Helping people with computers... one answer at a time.
Process Monitor is a powerful tool and it can be used to track down exactly what program on your machine is responsible for internet activity.
My wife and I share a laptop, using Windows XP and connected to a satellite. The ISP limits our bandwidth. Recently, we received a message that we were using too much: about 150 MB during one recent hour. We do not run any videos, such as YouTube. We just browse (eBay) and email (Mozilla Thunderbird). I have checked all the places that I can think. If I turn off the automatic updates, for example, it still recurs. When I am logged in, the problem goes away, so it is some program which my wife is inadvertently running in the background, I suppose. Looking at Processes with Task Manager does not help much. It jumps around too much. I ran a scan with Norton and found nothing. I took it in to the computer geek store here, and they ran a more extensive scan, but found nothing. Is there any program which could monitor Internet activity and let me know what's running?
Yes, there is.
It's a free tool, called Process Monitor, that I suspect will be perfect for this problem. While it's a little geeky, this extremely powerful tool can be used to diagnose many issues.

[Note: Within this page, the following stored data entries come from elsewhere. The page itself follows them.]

lemma msmult_band:
  "msmult k (band D a b c d e) =
     band D (\<lambda>j. k * a j) (\<lambda>j. k * b j) (\<lambda>j. k * c j) (\<lambda>j. k * d j) (\<lambda>j. k * e j)"
  by (simp add: msmult_def band_def fun_eq_iff distrib_left)

lemma mmul_tridiag_right:
  assumes "j < D"
  shows "mmul D A (tridiag D a b c) i j =
           A i j * a j + A i (succ_mod D j) * b j + A i (pred_mod D j) * c j"
proof -
  have "mmul D A (tridiag D a b c) i j =
      (\<Sum>l<D. (if l = j then A i l * a j else 0) + (if l = succ_mod D j then A i l * b j else 0)
             + (if l = pred_mod D j then A i l * c j else 0))"
    unfolding mmul_def by (rule sum.cong) (use assms in \<open>auto simp: band_def distrib_left\<close>)
  then show ?thesis
    using assms by (simp add: sum.distrib)
qed

lemma if_zero_eq_of_bool_mult: "(if P then x else 0) = of_bool P * (x :: 'a :: semiring_1)"
  by simp

lemma mmul_tridiag_tridiag:
  "mmul D (tridiag D a1 b1 c1) (tridiag D a2 b2 c2) =
     band D (\<lambda>j. a1 j * a2 j + c1 (succ_mod D j) * b2 j + b1 (pred_mod D j) * c2 j)
            (\<lambda>j. b1 j * a2 j + a1 (succ_mod D j) * b2 j)
            (\<lambda>j. c1 j * a2 j + a1 (pred_mod D j) * c2 j)
            (\<lambda>j. b1 (succ_mod D j) * b2 j)
            (\<lambda>j. c1 (pred_mod D j) * c2 j)" (is "?L = ?R")
proof (intro ext)
  fix i j
  show "?L i j = ?R i j"
  proof (cases "i < D \<and> j < D")
    case True
    then show ?thesis
      unfolding mmul_tridiag_right[OF conjunct2[OF True]]
      by (simp add: band_def if_zero_eq_of_bool_mult algebra_simps)
  next
    case False
    then show ?thesis
      by (auto simp: mmul_def band_def intro!: sum.neutral)
  qed
qed

lemma mmul_diag_band:
  "mmul D (diag D a') (band D a b c d e) =
     band D (\<lambda>j. a' j * a j) (\<lambda>j. a' (succ_mod D j) * b j) (\<lambda>j. a' (pred_mod D j) * c j)
            (\<lambda>j. a' (succ_mod D (succ_mod D j)) * d j) (\<lambda>j. a' (pred_mod D (pred_mod D j)) * e j)" (is "?L = ?R")
proof (intro ext)
  fix i j
  have "mmul D (diag D a') (band D a b c d e) i j = (if i < D then a' i * band D a b c d e i j else 0)"
    unfolding mmul_def by (auto simp: band_def if_distrib[of "\<lambda>x. x * _"] cong: if_cong)
  then show "?L i j = ?R i j"
    by (simp add: band_def if_zero_eq_of_bool_mult algebra_simps)
qed

lemma meq_refl [simp]: "meq D A A"
  by (simp add: meq_def)

lemma meq_sym: "meq D A B \<Longrightarrow> meq D B A"
  by (simp add: meq_def)

lemma meq_trans: "meq D A B \<Longrightarrow> meq D B C \<Longrightarrow> meq D A C"
  by (simp add: meq_def)

lemma meq_cong_iff: "meq D A A' \<Longrightarrow> meq D B B' \<Longrightarrow> meq D A B \<longleftrightarrow> meq D A' B'"
  by (simp add: meq_def)

lemma meq_madd: "meq D A A' \<Longrightarrow> meq D B B' \<Longrightarrow> meq D (madd A B) (madd A' B')"
  by (simp add: meq_def madd_def)

lemma meq_msmult: "meq D A A' \<Longrightarrow> meq D (msmult c A) (msmult c A')"
  by (simp add: meq_def msmult_def)
(* Let $h:\{0,1\}^*\to\{0,1\}^*$ be the morphism defined by $h(0)=0110100110110010110$ and $h(1)=1001011001001101001$. Then the fixed point $h^\omega(0)$ avoids $\frac{7}{3}^+$-powers; that is, for every $\varepsilon>0$, $h^\omega(0)$ contains no subword that is a $\beta$-power with $\beta\ge\frac{7}{3}+\varepsilon$.
   Context: $h^\omega(0)$ is the infinite word $\lim_{n\to\infty}h^n(0)$ (well defined since $h(0)$ begins with $0$). For a rational $\beta\ge 1$, a $\beta$-power is a word of the form $x^nx'$ with $x$ a nonempty word, $x'$ a prefix of $x$, $n$ a nonnegative integer and $n+|x'|/|x|=\beta$. A word avoids $\alpha^+$-powers if it is $(\alpha+\varepsilon)$-power-free for all $\varepsilon>0$, where $\gamma$-power-free means no subword is a $\beta$-power for any rational $\beta\ge\gamma$. *)

theory Defs
  imports Complex_Main "HOL-Library.Sublist"
begin

(* Binary alphabet {0,1} represented by the naturals 0 and 1. *)
definition h :: "nat \<Rightarrow> nat list" where
  "h a = (if a = 0
          then [0,1,1,0,1,0,0,1,1,0,1,1,0,0,1,0,1,1,0]
          else [1,0,0,1,0,1,1,0,0,1,0,0,1,1,0,1,0,0,1])"

definition hw :: "nat list \<Rightarrow> nat list" where
  "hw w = concat (map h w)"

(* the fixed point h^omega(0) = lim h^n(0), as an infinite word nat => nat;
   letter k is read off h^(k+1)(0), which has length 19^(k+1) > k *)
definition hfix :: "nat \<Rightarrow> nat" where
  "hfix k = ((hw ^^ Suc k) [0]) ! k"

definition is_power :: "'a list \<Rightarrow> real \<Rightarrow> bool" where
  "is_power u \<beta> \<longleftrightarrow> (\<exists>x x' n. x \<noteq> [] \<and> prefix x' x \<and>
      u = concat (replicate n x) @ x' \<and>
      real n + real (length x') / real (length x) = \<beta>)"
(* Assume Condition (C) and $\lambda/2<h<\lambda$. If $\eta\in\mathcal X$ contains either a cluster of pluses having a convex side of length $l_1<\frac{2J}{\lambda+h}$, or a cluster of minuses having a convex side of length $l_2<\frac{2J}{\lambda-h}$, then $V_\eta<2J$.
   Context: Let $\Lambda=\{1,\dots,L\}^2$, $\mathcal X=\{-1,0,+1\}^\Lambda$, $\partial^-\Lambda$ the sites of $\Lambda$ with a nearest neighbour outside $\Lambda$. Hamiltonian: $H(\eta)=\frac J2\sum_{i,j\in\Lambda,|i-j|=1}[\eta(i)-\eta(j)]^2+J\sum_{i\in\partial^-\Lambda}\sum_{j\notin\Lambda,|i-j|=1}\eta(i)^2-\lambda\sum_{i}\eta(i)^2-h\sum_i\eta(i)$. Condition (C): $J$ sufficiently large compared to $\lambda,h>0$; $L>(2J/(\lambda-h))^3$; none of $\tfrac{2J}{\lambda+h},\tfrac{2J}{\lambda-h},\tfrac{2J+\lambda-h}{\lambda+h},\tfrac{J+\lambda+h}{h}$ is an integer. Clusters of pluses (resp. minuses) of $\eta$ are the maximal connected components of the union of the closed unit squares centred at sites with spin $+1$ (resp. $-1$). The boundary of a cluster is a union of maximal straight segments (sides); the length of a side is the number of unit edges it contains. A corner of the boundary is convex if the interior angle of the cluster there is a right angle, concave otherwise; a side is convex if both its endpoints are convex corners. $V_\eta=\Phi(\eta,\{\zeta:H(\zeta)<H(\eta)\})-H(\eta)$, where $\Phi(\eta,A)$ is the minimum over paths (sequences of single-site changes) from $\eta$ to $A$ of the max of $H$ along the path. *)

theory Defs
  imports Complex_Main
begin

type_synonym site = "int \<times> int"
type_synonym config = "site \<Rightarrow> int"

definition Lam :: "nat \<Rightarrow> site set" where
  "Lam L = {1..int L} \<times> {1..int L}"

definition nn :: "site \<Rightarrow> site \<Rightarrow> bool" where
  "nn i j \<longleftrightarrow> \<bar>fst i - fst j\<bar> + \<bar>snd i - snd j\<bar> = 1"

definition inner_boundary :: "nat \<Rightarrow> site set" where
  "inner_boundary L = {i \<in> Lam L. \<exists>j. nn i j \<and> j \<notin> Lam L}"

text \<open>State space: spins in {-1,0,1} on Lam L, and 0 outside (irrelevant padding).\<close>
definition Xsp :: "nat \<Rightarrow> config set" where
  "Xsp L = {\<eta>. (\<forall>i \<in> Lam L. \<eta> i \<in> {-1, 0, 1}) \<and> (\<forall>i. i \<notin> Lam L \<longrightarrow> \<eta> i = 0)}"

definition Ham :: "real \<Rightarrow> real \<Rightarrow> real \<Rightarrow> nat \<Rightarrow> config \<Rightarrow> real" where
  "Ham J lam h L \<eta> =
     J / 2 * (\<Sum>(i, j) \<in> {(i, j). i \<in> Lam L \<and> j \<in> Lam L \<and> nn i j}. (real_of_int (\<eta> i - \<eta> j))\<^sup>2)
   + J * (\<Sum>i \<in> inner_boundary L. \<Sum>j \<in> {j. j \<notin> Lam L \<and> nn i j}. (real_of_int (\<eta> i))\<^sup>2)
   - lam * (\<Sum>i \<in> Lam L. (real_of_int (\<eta> i))\<^sup>2)
   - h * (\<Sum>i \<in> Lam L. real_of_int (\<eta> i))"

definition single_site :: "config \<Rightarrow> config \<Rightarrow> bool" where
  "single_site \<eta> \<zeta> \<longleftrightarrow> (\<exists>i. \<forall>j. j \<noteq> i \<longrightarrow> \<eta> j = \<zeta> j)"

definition is_path :: "nat \<Rightarrow> config list \<Rightarrow> config \<Rightarrow> config set \<Rightarrow> bool" where
  "is_path L \<omega> \<eta> A \<longleftrightarrow> \<omega> \<noteq> [] \<and> hd \<omega> = \<eta> \<and> last \<omega> \<in> A \<and> set \<omega> \<subseteq> Xsp L
     \<and> (\<forall>k. Suc k < length \<omega> \<longrightarrow> single_site (\<omega> ! k) (\<omega> ! Suc k))"

definition Phi :: "real \<Rightarrow> real \<Rightarrow> real \<Rightarrow> nat \<Rightarrow> config \<Rightarrow> config set \<Rightarrow> real" where
  "Phi J lam h L \<eta> A = Inf {Max (Ham J lam h L ` set \<omega>) | \<omega>. is_path L \<omega> \<eta> A}"

definition Vstab :: "real \<Rightarrow> real \<Rightarrow> real \<Rightarrow> nat \<Rightarrow> config \<Rightarrow> real" where
  "Vstab J lam h L \<eta> =
     Phi J lam h L \<eta> {\<zeta> \<in> Xsp L. Ham J lam h L \<zeta> < Ham J lam h L \<eta>} - Ham J lam h L \<eta>"

text \<open>Two closed unit squares centred at sites intersect iff the sites are
  at sup-distance at most 1 (they share an edge or a corner).  Clusters of spin s
  are the connected components of the union of the squares of the s-sites, i.e.
  the equivalence classes of this adjacency on the s-sites.\<close>
definition touch :: "site \<Rightarrow> site \<Rightarrow> bool" where
  "touch i j \<longleftrightarrow> i \<noteq> j \<and> \<bar>fst i - fst j\<bar> \<le> 1 \<and> \<bar>snd i - snd j\<bar> \<le> 1"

I'll walk you through how to set it up for this scenario.
Download and install Process Monitor.
Process Monitor, or simply "procmon", downloads as a zip file. Save that to a folder of your choosing and then extract the .exe program from the zipped archive.

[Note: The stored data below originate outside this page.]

lemma alt_sum_MaxCliques_insert_simplicial:
  assumes "finite W" "v \<notin> W" "is_clique (insert v W) E (nbrs_in E W v)"
  shows "alt_sum p (MaxCliques (insert v W) E) (insert v W)
       = alt_sum p (MaxCliques W E) W + (p (insert v W) - p W)
         - (p (insert v (nbrs_in E W v)) - p (nbrs_in E W v))"
proof -
  define N where "N = nbrs_in E W v"
  define M where "M = MaxCliques W E - {N}"
  have NW: "N \<subseteq> W" unfolding N_def nbrs_in_def by auto
  have fM: "finite M" unfolding M_def using finite_MaxCliques[OF assms(1)] by simp
  have M_sub: "\<forall>C\<in>M. C \<subseteq> W" unfolding M_def using MaxCliques_subset by blast
  have KM: "insert v N \<notin> M" using M_sub assms(2) by auto
  have new: "alt_sum p (MaxCliques (insert v W) E) (insert v W)
      = alt_sum p M (insert v W) - alt_sum p M (insert v N)"
    using alt_sum_insert[OF fM KM, of p "insert v W"] NW
    unfolding MaxCliques_insert_simplicial[OF assms(2,3) refl] N_def[symmetric] M_def
    by (simp add: Int_absorb1 insert_mono)
  have shift_W: "alt_sum p M (insert v W) - alt_sum p M W = p (insert v W) - p W"
    by (rule alt_sum_diff_local[where A=W]) (use fM M_sub in auto)
  have shift_N: "alt_sum p M (insert v N) - alt_sum p M N = p (insert v N) - p N"
    by (rule alt_sum_diff_local[where A=W]) (use fM M_sub assms(2) NW in auto)
  have old: "alt_sum p (MaxCliques W E) W = alt_sum p M W - alt_sum p M N"
  proof (cases "N \<in> MaxCliques W E")
    case True
    then have "MaxCliques W E = insert N M" unfolding M_def by auto
    then show ?thesis using alt_sum_insert[OF fM, of N p W] NW by (simp add: M_def Int_absorb1)
  next
    case False
    have "is_clique W E N" using assms(3) NW unfolding N_def is_clique_def by auto
    then obtain C where "C \<in> MaxCliques W E" "N \<subseteq> C" using clique_in_MaxClique assms(1) by metis
    then have "alt_sum p (MaxCliques W E) N = 0"
      using alt_sum_vanishes finite_MaxCliques[OF assms(1)] by blast
    moreover have "M = MaxCliques W E" using False unfolding M_def by auto
    ultimately show ?thesis by simp
  qed
  show ?thesis using new shift_W shift_N old unfolding N_def by simp
qed

text \<open>Adding v with neighbourhood N in W is modular: (W, N + {v}) is a separated pair,
  so p gains the same amount on W as on N.\<close>
lemma polymatroidal_gain_insert:
  assumes pm: "polymatroidal V E p" and "W \<subseteq> V" "v \<in> V" "v \<notin> W"
  shows "p (insert v W) - p W = p (insert v (nbrs_in E W v)) - p (nbrs_in E W v)"
proof -
  define N where "N = nbrs_in E W v"
  have NW: "N \<subseteq> W" unfolding N_def nbrs_in_def by auto
  have separated: "\<forall>a\<in>W - insert v N. \<forall>b\<in>insert v N - W. \<not> adj E a b"
    unfolding N_def nbrs_in_def by (auto simp: adj_sym)
  have "p (W \<inter> insert v N) + p (W \<union> insert v N) = p W + p (insert v N)"
    using pm separated assms(2,3) NW unfolding polymatroidal_def by (metis insert_subset order_trans)
  moreover have "W \<inter> insert v N = N" "W \<union> insert v N = insert v W" using NW assms(4) by auto
  ultimately show ?thesis unfolding N_def by simp
qed
(* Let $G$ be a connected graph with no Hamiltonian path, and let $T$ be a spanning tree of $G$ satisfying (C1) and (C2). Let $b,r\in B(T)$ be such that $V(P_T[b,r])\cap B(T)=\{b,r\}$, orient $P_T[b,r]$ from $b$ to $r$, and let $s\in L(T)$. If $sx\in E(G)$ for some $x\in V(P_T[b,r])\setminus\{b\}$, then $sx^-\notin E(G)$, where $x^-$ is the predecessor of $x$ on $P_T[b,r]$.
   Context: All graphs are finite and simple. For a tree $T$, $L(T)$ is the set of leaves (degree-one vertices) and $B(T)$ the set of branch vertices (degree at least three); $P_T[u,v]$ is the unique path in $T$ between $u$ and $v$. Since $G$ has no Hamiltonian path, every spanning tree of $G$ has a branch vertex. Reducible stem: for a tree $T$ with $B(T)\neq\emptyset$ and each leaf $x\in L(T)$, let $y_x\in B(T)$ be the branch vertex such that the path $P_T[x,y_x]$ contains no branch vertex other than $y_x$; deleting $V(P_T[x,y_x])\setminus\{y_x\}$ from $T$ for all $x\in L(T)$ yields a subtree $R\_Stem(T)$. Condition (C1): $|L(T)|$ is minimum among all spanning trees of $G$. Condition (C2): subject to (C1), $|V(R\_Stem(T))|$ is maximum. *)

theory Defs
  imports Main
begin

definition simple_graph :: "'a set \<Rightarrow> 'a set set \<Rightarrow> bool" where
  "simple_graph V E \<longleftrightarrow> finite V \<and>
     (\<forall>e\<in>E. \<exists>u v. e = {u, v} \<and> u \<noteq> v \<and> u \<in> V \<and> v \<in> V)"

definition is_path :: "'a set set \<Rightarrow> 'a list \<Rightarrow> bool" where
  "is_path E p \<longleftrightarrow> p \<noteq> [] \<and> distinct p \<and>
     (\<forall>i. Suc i < length p \<longrightarrow> {p ! i, p ! Suc i} \<in> E)"

definition connected_graph :: "'a set \<Rightarrow> 'a set set \<Rightarrow> bool" where
  "connected_graph V E \<longleftrightarrow>
     (\<forall>u\<in>V. \<forall>v\<in>V. \<exists>p. is_path E p \<and> hd p = u \<and> last p = v)"

definition hamiltonian_path :: "'a set \<Rightarrow> 'a set set \<Rightarrow> bool" where
  "hamiltonian_path V E \<longleftrightarrow> (\<exists>p. is_path E p \<and> set p = V)"

definition is_cycle :: "'a set set \<Rightarrow> 'a list \<Rightarrow> bool" where
  "is_cycle E c \<longleftrightarrow> length c \<ge> 3 \<and> is_path E c \<and> {last c, hd c} \<in> E"

definition is_tree :: "'a set \<Rightarrow> 'a set set \<Rightarrow> bool" where
  "is_tree V F \<longleftrightarrow> simple_graph V F \<and> connected_graph V F \<and> (\<nexists>c. is_cycle F c)"

definition spanning_tree :: "'a set \<Rightarrow> 'a set set \<Rightarrow> 'a set set \<Rightarrow> bool" where
  "spanning_tree V E T \<longleftrightarrow> T \<subseteq> E \<and> is_tree V T"

definition degree :: "'a set set \<Rightarrow> 'a \<Rightarrow> nat" where
  "degree F v = card {e \<in> F. v \<in> e}"

definition leaves :: "'a set \<Rightarrow> 'a set set \<Rightarrow> 'a set" where
  "leaves V T = {v \<in> V. degree T v = 1}"

definition branches :: "'a set \<Rightarrow> 'a set set \<Rightarrow> 'a set" where
  "branches V T = {v \<in> V. degree T v \<ge> 3}"

definition tree_path :: "'a set set \<Rightarrow> 'a \<Rightarrow> 'a \<Rightarrow> 'a list" where
  "tree_path T u v = (THE p. is_path T p \<and> hd p = u \<and> last p = v)"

Place procmon.exe and procmon.chm (the help file) in a convenient folder.
When you first run procmon.exe, you'll need to agree to some license terms. This should only happen once. When you run Process Monitor under Windows 7 and possibly Vista, you'll likely get the User Account Control dialog:
What procmon needs to monitor requires that it have full administrative access.

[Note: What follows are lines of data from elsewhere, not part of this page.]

lemma (in group) derived_subset_fibre_one:
  fixes f :: "'a \<Rightarrow> 'c::ab_semigroup_mult"
  assumes mult: "\<And>x y. x \<in> carrier G \<Longrightarrow> y \<in> carrier G \<Longrightarrow> f (x \<otimes> y) = f x * f y"
  shows "derived G (carrier G) \<subseteq> {x \<in> carrier G. f x = f \<one>}"
proof -
  let ?K = "{x \<in> carrier G. f x = f \<one>}"
  have inv: "f (inv x) * f x = f \<one>" if "x \<in> carrier G" for x
    using mult[of "inv x" x] that by simp
  have "subgroup ?K G"
  proof (rule subgroupI)
    show "inv a \<in> ?K" if "a \<in> ?K" for a
      using that inv[of a] mult[of "inv a" \<one>] by auto
    show "a \<otimes> b \<in> ?K" if "a \<in> ?K" "b \<in> ?K" for a b
      using that mult[of a b] mult[of \<one> \<one>] by auto
  qed auto
  moreover have "derived_set G (carrier G) \<subseteq> ?K"
  proof
    fix h assume "h \<in> derived_set G (carrier G)"
    then obtain x y where xy: "x \<in> carrier G" "y \<in> carrier G"
      and h: "h = x \<otimes> y \<otimes> inv x \<otimes> inv y" by blast
    have "f h = (f (inv x) * f x) * (f (inv y) * f y)"
      using xy by (simp add: h mult mult_ac)
    also have "\<dots> = f \<one>"
      using xy inv mult[of \<one> \<one>] by simp
    finally show "h \<in> ?K" using xy h by simp
  qed
  ultimately show ?thesis
    unfolding derived_def by (rule generate_subgroup_incl[rotated])
qed

theorem theorem6p3:
  fixes q :: real
  assumes "0 < q" and "q < 1"
  shows "KU1_nontrivial q 1"
proof -
  have q: "q \<noteq> 0" using assms(1) by simp
  interpret U: group "U_group q 1" by (rule U_group_is_group[OF q])
  have "derived (U_group q 1) (carrier (U_group q 1))
      \<subseteq> {x \<in> carrier (U_group q 1). cls_det q x = cls_det q \<one>\<^bsub>U_group q 1\<^esub>}"
    by (rule U.derived_subset_fibre_one) (rule cls_det_mult[OF q])
  moreover have "mat_cls q i_diag \<in> carrier (U_group q 1)"
    using i_diag_U_reps by (simp add: U_group_carrier)
  moreover have "cls_det q (mat_cls q i_diag) \<noteq> cls_det q \<one>\<^bsub>U_group q 1\<^esub>"
    by (simp add: U_group_one cls_det_mat_cls q finitary_i_diag chi_det_i_diag chi_det_id)
  ultimately show ?thesis
    unfolding KU1_nontrivial_def by blast
qed

end
(* Let $\mathcal{T}\subset\mathbb{R}$ be a compact interval of positive length, let $y_1,\dots,y_n$ and $g$ be continuous real functions on $\mathcal{T}$, and let $\alpha\in[1/(l+1),1)$. Define $k$, $\mathcal{H}_2$ and $M$ as in the context, and assume $M(t)>0$ for all $t\in\mathcal{T}$. Set $$\bar s^c(t):=\frac{M(t)}{\int_{\mathcal{T}}M(u)\,du}.$$ Then $$k^{\bar s^c}=\int_{\mathcal{T}}M(t)\,dt.$$
   Context: $\{1,\dots,n\}$ is partitioned into $\mathcal{I}_1$ with $|\mathcal{I}_1|=m\ge1$ and $\mathcal{I}_2$ with $|\mathcal{I}_2|=l\ge1$. Put $r:=\lceil (l+1)(1-\alpha)\rceil$. Let $k$ be the $r$-th smallest value of the multiset $\{\sup_{t\in\mathcal{T}}|y_h(t)-g(t)|:h\in\mathcal{I}_2\}$. Define $$\mathcal{H}_2:=\{j\in\mathcal{I}_2:\sup_{t\in\mathcal{T}}|y_j(t)-g(t)|\le k\},\qquad M(t):=\max_{j\in\mathcal{H}_2}|y_j(t)-g(t)|.$$ For any bounded function $u:\mathcal{T}\to(0,\infty)$, define the scores $R^u_h:=\sup_{t\in\mathcal{T}}|y_h(t)-g(t)|/u(t)$ for $h\in\mathcal{I}_2$, and let $k^u$ be the $r$-th smallest value of the multiset $\{R^u_h:h\in\mathcal{I}_2\}$. *)

theory Defs
  imports "HOL-Analysis.Analysis" "HOL-Library.Multiset"
begin

definition rth_smallest :: "nat \<Rightarrow> real multiset \<Rightarrow> real" where
  "rth_smallest r A = sorted_list_of_multiset A ! (r - 1)"

definition conf_rank :: "real \<Rightarrow> nat \<Rightarrow> nat" where
  "conf_rank \<alpha> l = nat \<lceil>(real l + 1) * (1 - \<alpha>)\<rceil>"

definition kq :: "real set \<Rightarrow> (nat \<Rightarrow> real \<Rightarrow> real) \<Rightarrow> (real \<Rightarrow> real) \<Rightarrow> nat set \<Rightarrow> real \<Rightarrow> real" where
  "kq T y g I2 \<alpha> = rth_smallest (conf_rank \<alpha> (card I2))
      (image_mset (\<lambda>h. SUP t\<in>T. \<bar>y h t - g t\<bar>) (mset_set I2))"

definition H2set :: "real set \<Rightarrow> (nat \<Rightarrow> real \<Rightarrow> real) \<Rightarrow> (real \<Rightarrow> real) \<Rightarrow> nat set \<Rightarrow> real \<Rightarrow> nat set" where
  "H2set T y g I2 \<alpha> = {j \<in> I2. (SUP t\<in>T. \<bar>y j t - g t\<bar>) \<le> kq T y g I2 \<alpha>}"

Procmon works by first collecting or recording events, which are basically notifications of things happening on your machine, and then providing several ways to view, filter and analyze what those collected events mean.
As soon as you start procmon, it starts collecting events:
The numbers in the status bar at the bottom will continue to increase as procmon counts the number of events being collected.
When you've collected enough, type CTRL+E or click on the magnifying glass in the procmon toolbar to stop data collection.
That's difficult to say as it depends on the nature of the problem that you're attempting to diagnose. In general, I start it when I know or suspect that a problem is happening, like your unknown internet usage, and let procmon collect until the problem has indeed happened and occurred long enough to have generated meaningful data.
Depending on the problem you're experiencing, it might take some experimentation.
Procmon includes some summary analysis tools that make what we do next fairly easy.
On the Tools menu, click on Network Summary...
Procmon generates a summary of all the network-related events that it's captured. Initially, these are sorted by decreasing number of events, but the columns are all clickable. In the example above, the next to the last column is labeled Receiv..., which is truncated from Received Bytes. I'll click on that to see which event has been downloading the most data:
Here, we can see that during this capture, my machine was downloading a lot of data from mirrors.easynews.com, on the http port. The problem is that doesn't really tell us what program is doing the downloading.
Double-click on the line of interest and the Process Monitor main window will update to show only events related to that line. (You can close the Network Summary window if you need to, to be able to see procmon's main window.)
Sure enough, it was Firefox running on this machine. In order to show something interesting, I started a download of an Ubuntu Linux ISO file prior to running procmon. That file was being hosted by one of Ubuntu's mirror sites.
We've only scratched the surface here, but as you can see, it's fairly easy for such a powerful program to quickly generate a summary analysis of many common operations, not just network access. While you've got procmon out, spend a few moments, particularly with the other items on the Tools menu, to see how it might help you face other issues in the future.